Statistical analysis on smaller data sets
One of the most widely used tools among data scientist is R. This tools has excellent facilities for statistical analysis and machine learning. It has a large library of open source plugins including functionality to load and use oData datasets. You can use the libraries httr and XML to retrieve and parse an OData dataset, as illustrated in the following screenshot. For more info on this, please check out our blogpost on using R with Mendix oData services, which will be published in the near future.
Updating a central data warehouse or reporting database
When you are working with large datasets, or very active reporting users, it’s best to offload the reporting to a dedicated reporting database or data warehouse. This can be achieved using existing ETL tools with support for OData or REST, or by creating an ETL script.

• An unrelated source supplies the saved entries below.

(* For every $\epsilon,n$, every layered graph $G$ over $\Sigma_{in}$ of depth $n$, every $\epsilon$-sensitive $(G,\Sigma_{out})$-code $\mathsf{C}$, and all $x\in\Sigma_{in}^n$ and $w\in\Sigma_{out}^n$, letting $J$ be the set of indices $i$ with $\mathsf{C}(x)[i]=w[i]$, it holds that $\mathsf{CDec}(w[1:i])=v(x[1:i])$ for all but at most $2\epsilon n$ values of $i\in J$.
   Context: A layered graph over alphabet $\Sigma$ of depth $n$ is a directed graph whose vertices are partitioned into layers $0,\dots,n$, with exactly one vertex (the root) in layer $0$, and each vertex in layer $i<n$ has exactly $|\Sigma|$ out-edges to layer $i+1$ labeled by the distinct elements of $\Sigma$ (endpoints need not be distinct). A string $p\in\Sigma_{in}^i$ determines a unique root path ending at vertex $v(p)$ in layer $i$. A $(G,\Sigma_{out})$-code $\mathsf{C}$ assigns an element of $\Sigma_{out}$ to each edge; $\mathsf{C}(p)$ is the label string along $p$. Suffix distance: $\Delta_{sfx}(a,b)=\max_{0\le i\le m-1}\frac{\Delta(a[i+1:m],b[i+1:m])}{m-i}$ for $a,b\in\Sigma^m$, $\Delta$ Hamming distance. $L_i(\mathsf{C},w,\epsilon)=\{v(p):p\in\Sigma_{in}^i,\ \Delta_{sfx}(\mathsf{C}(p),w[1:i])<1-\epsilon\}$, $L(\mathsf{C},w,\epsilon)=\bigcup_{i=1}^nL_i(\mathsf{C},w,\epsilon)$. For $S\subseteq L(\mathsf{C},w,\epsilon)$, a prefix tree of $S$ is a union of paths $p(v)$ ($v\in S$) from the root to $v$, each with $\Delta_{sfx}(\mathsf{C}(p(v)),w[1:|p(v)|])<1-\epsilon$, that forms a rooted tree; $\mathcal{PT}(\mathsf{C},w,\epsilon)$ is the set of all such prefix trees of subsets of $L(\mathsf{C},w,\epsilon)$. $agr(\mathsf{C}(H),w(H))$ is the number of edges of $H$ whose $\mathsf{C}$-label equals $w[i]$, $i$ the edge's depth. $\mathsf{C}$ is $\epsilon$-sensitive if for all $w\in\Sigma_{out}^n$ and all $PT\in\mathcal{PT}(\mathsf{C},w,\epsilon)$, $agr(\mathsf{C}(PT),w(PT))\le(1+\epsilon)n$. The decoder $\mathsf{CDec}$, on input $w'\in\Sigma_{out}^i$, outputs the vertex $v$ such that there exists $p\in\Sigma_{in}^i$ with $v(p)=v$ and $\Delta_{sfx}(\mathsf{C}(p),w')<1-\epsilon$ if exactly one such vertex exists, and outputs $\perp$ otherwise. *)

theory Defs
  imports Complex_Main
begin

text \<open>A layered graph of depth n over the input alphabet (the finite type 'a):
  vertex set V, layer function, r0, and transition function delta; the out-edge of
  vertex v labelled a is identified with the pair (v, a), and its endpoint is delta v a.\<close>

definition layered_graph ::
  "nat \<Rightarrow> 'v set \<Rightarrow> ('v \<Rightarrow> nat) \<Rightarrow> 'v \<Rightarrow> ('v \<Rightarrow> 'a \<Rightarrow> 'v) \<Rightarrow> bool" where
  "layered_graph n V layer r0 delta \<longleftrightarrow>
     r0 \<in> V \<and> layer r0 = 0 \<and>
     (\<forall>v\<in>V. layer v \<le> n) \<and>
     (\<forall>v\<in>V. layer v = 0 \<longrightarrow> v = r0) \<and>
     (\<forall>v\<in>V. layer v < n \<longrightarrow> (\<forall>a. delta v a \<in> V \<and> layer (delta v a) = Suc (layer v)))"

definition vtx :: "'v \<Rightarrow> ('v \<Rightarrow> 'a \<Rightarrow> 'v) \<Rightarrow> 'a list \<Rightarrow> 'v" where
  "vtx r0 delta p = fold (\<lambda>a v. delta v a) p r0"

definition path_edges :: "'v \<Rightarrow> ('v \<Rightarrow> 'a \<Rightarrow> 'v) \<Rightarrow> 'a list \<Rightarrow> ('v \<times> 'a) set" where
  "path_edges r0 delta p = {(vtx r0 delta (take j p), p ! j) | j. j < length p}"

definition code_str :: "'v \<Rightarrow> ('v \<Rightarrow> 'a \<Rightarrow> 'v) \<Rightarrow> ('v \<Rightarrow> 'a \<Rightarrow> 'b) \<Rightarrow> 'a list \<Rightarrow> 'b list" where
  "code_str r0 delta C p = map (\<lambda>j. C (vtx r0 delta (take j p)) (p ! j)) [0..<length p]"

definition hamming :: "'b list \<Rightarrow> 'b list \<Rightarrow> nat" where
  "hamming a b = card {j. j < length a \<and> a ! j \<noteq> b ! j}"

text \<open>Suffix distance (0-indexed drop i corresponds to a[i+1:m]); for m = 0 it is 0.\<close>
definition sfx_dist :: "'b list \<Rightarrow> 'b list \<Rightarrow> real" where
  "sfx_dist a b = Max (insert 0
     {real (hamming (drop i a) (drop i b)) / real (length a - i) | i. i < length a})"

definition prefix_tree ::
  "nat \<Rightarrow> 'v \<Rightarrow> ('v \<Rightarrow> 'a \<Rightarrow> 'v) \<Rightarrow> ('v \<Rightarrow> 'a \<Rightarrow> 'b) \<Rightarrow> 'b list \<Rightarrow> real \<Rightarrow> ('v \<times> 'a) set \<Rightarrow> bool" where
  "prefix_tree n r0 delta C w eps H \<longleftrightarrow>
     (\<exists>P. H = (\<Union>p\<in>P. path_edges r0 delta p) \<and>
          (\<forall>p\<in>P. 1 \<le> length p \<and> length p \<le> n \<and>
                 sfx_dist (code_str r0 delta C p) (take (length p) w) < 1 - eps) \<and>
          (\<forall>e1\<in>H. \<forall>e2\<in>H. delta (fst e1) (snd e1) = delta (fst e2) (snd e2) \<longrightarrow> e1 = e2))"

text \<open>agr(C(H), w(H)): number of edges whose label equals w at the edge's depth
  (the edge out of a vertex in layer l has depth l+1, i.e. w[l+1] = w ! l).\<close>
definition agr :: "('v \<Rightarrow> nat) \<Rightarrow> ('v \<Rightarrow> 'a \<Rightarrow> 'b) \<Rightarrow> 'b list \<Rightarrow> ('v \<times> 'a) set \<Rightarrow> nat" where
  "agr layer C w H = card {e \<in> H. C (fst e) (snd e) = w ! layer (fst e)}"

One example is SnapLogic. This is a cloud integration platform, where you can retrieve data from different sources, modify the data, and send it to a destination. SnapLogic offers a “REST Snap,” which you can configure to read data from a Mendix OData service. You can then load the data into a data warehouse, for example Amazon RedShift using the “Redshift insert Snap.”
Use of Mendix data in native mobile applications
OData services are also a great way to provide data for native mobile applications. Through OData, the application has a flexible query facility to retrieve the data required from a Mendix server into the application. And since OData is just REST, all mobile platforms can take advantage. If you also want to provide ways to modify data from a mobile client, you can create a number of services using the REST module or via webservices.
I hope by now you are as excited about this new Mendix feature as we are. It opens up limitless possibilities to do more with the data in your Mendix applications. We are very curious to know how you will use it in your solutions and what insight it will provide your users!